> _Task to carry out_
Report each line of the entries below that includes "else".

☆ ☆ ☆

(* For $d\geq 0$ and $n\geq 1$ let $\sigma_d(n)=\sum_{\ell\mid n}\ell^d$. For $n\geq 3$ define \[ D^{\sigma}(n):=\begin{cases} 2n\log_{9/8}(3), & n\equiv 0\pmod 3,\\ (2n+1)\log_{9/8}(3)-\log_{9/8}(n+2), & n\equiv 1\pmod 3,\\ \log_{9/8}(2)+(n+1)\log_{9/8}(3), & n\equiv 2\pmod 3,\ n\neq 5,\\ \log_{9/8}(3888), & n=5. \end{cases} \] Let $n\geq 3$ and let $d$ be an integer with $d>D^{\sigma}(n)$. Then \[ \frac{\bigl(q^{\sigma_d}(n)\bigr)^2}{q^{\sigma_d}(n-1)\,q^{\sigma_d}(n+1)}<1 \quad\text{if and only if}\quad n\equiv 1\pmod 3 . \]
   Context: For a double sequence $\{g_d(n)\}_{d\geq 0,n\geq 1}$ of positive reals, the numbers $q^{g_d}(n)$ ($n\geq 0$) are defined as the coefficients of the power series \[ \sum_{n=0}^{\infty} q^{g_d}(n)\,t^n := \frac{1}{1-\sum_{n=1}^{\infty} g_d(n)\,t^n}. \] Here $g_d=\sigma_d$, i.e. $\sum_n q^{\sigma_d}(n)t^n = 1/(1-\sum_{n\ge1} \sigma_d(n) t^n)$. $\log_{9/8}$ denotes the logarithm to base $9/8$. *)

theory Defs
  imports "HOL-Analysis.Analysis" "HOL-Computational_Algebra.Formal_Power_Series"
begin

definition sigma :: "nat \<Rightarrow> nat \<Rightarrow> real" where
  "sigma d n = (\<Sum>l\<in>{l. l dvd n}. real l ^ d)"

definition qg :: "(nat \<Rightarrow> real) \<Rightarrow> nat \<Rightarrow> real" where
  "qg g n = fps_nth (inverse (1 - Abs_fps (\<lambda>k. if k = 0 then 0 else g k))) n"

definition Dsigma :: "nat \<Rightarrow> real" where
  "Dsigma n =
    (if n mod 3 = 0 then 2 * real n * log (9/8) 3
     else if n mod 3 = 1 then (2 * real n + 1) * log (9/8) 3 - log (9/8) (real n + 2)
     else if n = 5 then log (9/8) 3888
     else log (9/8) 2 + (real n + 1) * log (9/8) 3)"

end

theory Submission
  imports Defs
begin

(* q^{sigma_d}(m) is the sum, over the compositions (j_1, ..., j_r) of m, of the products of the
   sigma_d(j_i), and sigma_d(j) = j^d (1 + O(j 2^-d)). For large d it is therefore governed by the
   compositions maximising j_1 ... j_r: if maxprod m is that maximum and num_optimal m the number of
   maximising compositions, then q^{sigma_d}(m) lies between num_optimal(m) maxprod(m)^d and
   (num_optimal(m) + (8/9)^d 3^m) maxprod(m)^d, because any other composition loses at least a factor
   (8/9)^d. Now maxprod(n)^2 / (maxprod(n-1) maxprod(n+1)) equals 9/8, 8/9 and 1 for n = 0, 1, 2 mod 3,
   and in the last case the counts decide: (k+2)^2 against (k+1)(k+4)/2 for n = 3k+5. The hypothesis
   d > D^sigma(n) is what makes (9/8)^d beat the remaining factors, which are polynomial in n or powers
   of 3. For n = 0, 1 mod 3 the cruder upper bound 2 3^(m-1) maxprod(m)^d already suffices. *)

lemma qg_0: "qg g 0 = 1"
  by (simp add: qg_def)

lemma qg_recurrence:
  assumes "n > 0"
  shows "qg g n = (\<Sum>j=1..n. g j * qg g (n - j))"
proof -
  define F where "F = 1 - Abs_fps (\<lambda>k. if k = 0 then 0 else g k)"
  have F0: "fps_nth F 0 = 1" by (simp add: F_def)
  have "F * inverse F = 1" using F0 by (intro inverse_mult_eq_1') simp
  hence "(\<Sum>i=0..n. fps_nth F i * fps_nth (inverse F) (n - i)) = 0"
    using assms by (metis fps_mult_nth fps_one_nth less_numeral_extra(3))
  hence "fps_nth (inverse F) n - (\<Sum>i=1..n. g i * fps_nth (inverse F) (n - i)) = 0"
    by (simp add: sum.atLeast_Suc_atMost F0 F_def sum_negf)
  thus ?thesis by (simp add: qg_def F_def)
qed

lemma qg_nonneg:
  assumes "\<And>k. 0 \<le> g k"
  shows "0 \<le> qg g n"
proof (induction n rule: less_induct)
  case (less n)
  show ?case
    using assms less by (cases "n = 0") (auto simp: qg_0 qg_recurrence intro!: sum_nonneg)
qed

lemma qg_ge_partial_sum:
  assumes "\<And>k. 0 \<le> g k" and "A \<subseteq> {1..n}"
  shows "(\<Sum>j\<in>A. g j * qg g (n - j)) \<le> qg g n"
proof (cases "n = 0")
  case True thus ?thesis using assms(2) by (simp add: qg_0)
next
  case False
  have "(\<Sum>j\<in>A. g j * qg g (n - j)) \<le> (\<Sum>j=1..n. g j * qg g (n - j))"
    using assms by (intro sum_mono2) (auto intro!: mult_nonneg_nonneg qg_nonneg)
  thus ?thesis using False by (simp add: qg_recurrence)
qed

lemma qg_ge_1:
  assumes "\<And>k. 0 \<le> g k" and "1 \<le> g 1"
  shows "1 \<le> qg g n"
proof (induction n)
  case 0 thus ?case by (simp add: qg_0)
next
  case (Suc n)
  have "1 \<le> g 1 * qg g n" using Suc assms(2) by (metis mult_mono' mult_1 zero_le_one)
  also have "\<dots> \<le> qg g (Suc n)" using qg_ge_partial_sum[of g "{1}" "Suc n"] assms(1) by simp
  finally show ?case .
qed

lemma sigma_nonneg: "0 \<le> sigma d j"
  unfolding sigma_def by (intro sum_nonneg) auto

lemma power_le_sigma: "0 < j \<Longrightarrow> real j ^ d \<le> sigma d j"
  unfolding sigma_def by (rule member_le_sum) auto

lemma qg_sigma_pos: "0 < qg (sigma d) m"
  using qg_ge_1[of "sigma d" m] sigma_nonneg power_le_sigma[of 1 d] by fastforce

lemma sigma_le_proper_divisors:
  assumes "0 < j"
  shows "sigma d j \<le> real j ^ d + real j * (real j / 2) ^ d"
proof -
  define D where "D = {l. l dvd j \<and> l \<noteq> j}"
  have "D \<subseteq> {1..j}" using assms by (auto simp: D_def dest: dvd_imp_le intro: Nat.gr0I)
  hence fin: "finite D" and card: "card D \<le> j" using finite_subset subset_eq_atLeast0_atMost_finite
    by (auto dest: card_mono[rotated])
  have "sigma d j = real j ^ d + (\<Sum>l\<in>D. real l ^ d)"
  proof -
    have "{l. l dvd j} = insert j D" by (auto simp: D_def)
    thus ?thesis unfolding sigma_def using fin by (simp add: D_def)
  qed
  also have "(\<Sum>l\<in>D. real l ^ d) \<le> real (card D) * (real j / 2) ^ d"
  proof (rule sum_bounded_above)
    fix l assume "l \<in> D"
    then obtain c where c: "j = l * c" and "c \<noteq> 1" by (auto simp: D_def)
    with assms have "2 \<le> c" by (cases c) auto
    hence "2 * l \<le> j" using c by (metis mult.commute mult_le_mono2)
    hence "real l \<le> real j / 2" by simp
    thus "real l ^ d \<le> (real j / 2) ^ d" by (intro power_mono) auto
  qed
  also have "\<dots> \<le> real j * (real j / 2) ^ d" using card by (intro mult_right_mono) auto
  finally show ?thesis by simp
qed

lemma sigma_le_twice_power:
  assumes "0 < j" and "j \<le> 2 ^ d"
  shows "sigma d j \<le> 2 * real j ^ d"
proof -
  have "real j * (real j / 2) ^ d = real j / 2 ^ d * real j ^ d" by (simp add: power_divide)
  also have "\<dots> \<le> real j ^ d"
    using assms(2) by (intro mult_left_le_one_le) (auto simp: divide_le_eq_1 simp flip: of_nat_le_iff)
  finally show ?thesis using sigma_le_proper_divisors[OF assms(1), of d] by simp
qed

(* maxprod m is the largest product of the parts of a composition of m. *)
fun maxprod :: "nat \<Rightarrow> nat" where
  "maxprod 0 = 1"
| "maxprod (Suc 0) = 1"
| "maxprod (Suc (Suc 0)) = 2"
| "maxprod (Suc (Suc (Suc 0))) = 3"
| "maxprod (Suc (Suc (Suc (Suc 0)))) = 4"
| "maxprod (Suc (Suc (Suc (Suc (Suc m))))) = 3 * maxprod (Suc (Suc m))"

lemma maxprod_add_3: "2 \<le> m \<Longrightarrow> maxprod (m + 3) = 3 * maxprod m"
  by (cases m rule: maxprod.cases) (auto simp: numeral_eq_Suc)

lemma maxprod_add_3_ge: "3 * maxprod m \<le> maxprod (m + 3)"
  by (cases m rule: maxprod.cases) (auto simp: numeral_eq_Suc)

lemma maxprod_closed_form:
  "maxprod (3 * k) = 3 ^ k" "maxprod (3 * k + 2) = 2 * 3 ^ k" "maxprod (3 * k + 4) = 4 * 3 ^ k"
proof -
  show "maxprod (3 * k) = 3 ^ k"
  proof (induction k)
    case (Suc k) thus ?case
      by (cases k) (simp_all add: numeral_eq_Suc maxprod_add_3[of "3 * k", simplified add.commute])
  qed simp
  show "maxprod (3 * k + 2) = 2 * 3 ^ k"
  proof (induction k)
    case (Suc k)
    have "maxprod (3 * k + 2 + 3) = 3 * maxprod (3 * k + 2)" by (rule maxprod_add_3) simp
    thus ?case using Suc by (simp add: algebra_simps)
  qed simp
  show "maxprod (3 * k + 4) = 4 * 3 ^ k"
  proof (induction k)
    case (Suc k)
    have "maxprod (3 * k + 4 + 3) = 3 * maxprod (3 * k + 4)" by (rule maxprod_add_3) simp
    thus ?case using Suc by (simp add: algebra_simps)
  qed (simp add: numeral_eq_Suc)
qed

(* optimal_part m j: some composition of m with product maxprod m has first part j. *)
definition optimal_part :: "nat \<Rightarrow> nat \<Rightarrow> bool" where
  "optimal_part m j \<longleftrightarrow> (m = 1 \<and> j = 1) \<or> (m = 2 \<and> j = 2) \<or> (m = 4 \<and> (j = 2 \<or> j = 4))
     \<or> (m \<ge> 3 \<and> m mod 3 = 0 \<and> j = 3) \<or> (m \<ge> 5 \<and> m mod 3 = 2 \<and> (j = 2 \<or> j = 3))
     \<or> (m \<ge> 7 \<and> m mod 3 = 1 \<and> (j = 2 \<or> j = 3 \<or> j = 4))"

lemma optimal_part_le_4: "optimal_part m j \<Longrightarrow> j \<le> 4"
  by (auto simp: optimal_part_def)

lemma maxprod_values:
  "maxprod 0 = 1" "maxprod 1 = 1" "maxprod 2 = 2" "maxprod 3 = 3" "maxprod 4 = 4" "maxprod 5 = 6"
  "maxprod 6 = 9" "maxprod 7 = 12" "maxprod 8 = 18" "maxprod 9 = 27" "maxprod 10 = 36" "maxprod 11 = 54"
  by (simp_all add: numeral_eq_Suc)

lemma All_less_numeral: "(\<forall>i < numeral k. P i) \<longleftrightarrow> P (pred_numeral k) \<and> (\<forall>i < pred_numeral k. P i)"
  by (simp only: numeral_eq_Suc All_less_Suc)

lemma maxprod_small_part:
  assumes "1 \<le> j" "j \<le> 7" "j \<le> m"
  shows "(optimal_part m j \<longrightarrow> j * maxprod (m - j) = maxprod m) \<and>
         (\<not> optimal_part m j \<longrightarrow> 9 * j * maxprod (m - j) \<le> 8 * maxprod m)"
  using assms
proof (induction m rule: less_induct)
  case (less m)
  show ?case
  proof (cases "m < 12")
    case True
    have "\<forall>m < 12. \<forall>j < 8. 1 \<le> j \<longrightarrow> j \<le> m \<longrightarrow>
        (optimal_part m j \<longrightarrow> j * maxprod (m - j) = maxprod m) \<and>
        (\<not> optimal_part m j \<longrightarrow> 9 * j * maxprod (m - j) \<le> 8 * maxprod m)"
      by (simp add: All_less_numeral optimal_part_def maxprod_values)
    thus ?thesis using True less.prems by auto
  next
    case False
    \<comment> \<open>both sides scale by 3 when 3 is subtracted from m, and optimality is 3-periodic for m \<ge> 7\<close>
    have "maxprod ((m - 3) + 3) = 3 * maxprod (m - 3)"
      "maxprod ((m - 3 - j) + 3) = 3 * maxprod (m - 3 - j)"
      using False less.prems by (intro maxprod_add_3; simp)+
    moreover have "(m - 3) + 3 = m" "(m - 3 - j) + 3 = m - j" using False less.prems by simp_all
    ultimately have "maxprod m = 3 * maxprod (m - 3)" "maxprod (m - j) = 3 * maxprod (m - 3 - j)"
      by simp_all
    moreover have "optimal_part m j = optimal_part (m - 3) j"
    proof -
      have "(m - 3 + 3) mod 3 = (m - 3) mod 3" by (rule mod_add_self2)
      moreover have "m - 3 + 3 = m" using False by simp
      ultimately have "(m - 3) mod 3 = m mod 3" by simp
      moreover have "m - 3 \<noteq> 1" "m - 3 \<noteq> 2" "m - 3 \<noteq> 4" "7 \<le> m - 3" using False by simp_all
      ultimately show ?thesis using False by (simp add: optimal_part_def)
    qed
    moreover have "(optimal_part (m - 3) j \<longrightarrow> j * maxprod (m - 3 - j) = maxprod (m - 3)) \<and>
        (\<not> optimal_part (m - 3) j \<longrightarrow> 9 * j * maxprod (m - 3 - j) \<le> 8 * maxprod (m - 3))"
      by (rule less.IH) (use False less.prems in auto)
    ultimately show ?thesis by auto
  qed
qed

☆ ☆ ☆

> _Response area_
  "qg g n = fps_nth (inverse (1 - Abs_fps (\<lambda>k. if k = 0 then 0 else g k))) n"
     else if n mod 3 = 1 then (2 * real n + 1) * log (9/8) 3 - log (9/8) (real n + 2)
     else if n = 5 then log (9/8) 3888
     else log (9/8) 2 + (real n + 1) * log (9/8) 3)"
  define F where "F = 1 - Abs_fps (\<lambda>k. if k = 0 then 0 else g k)"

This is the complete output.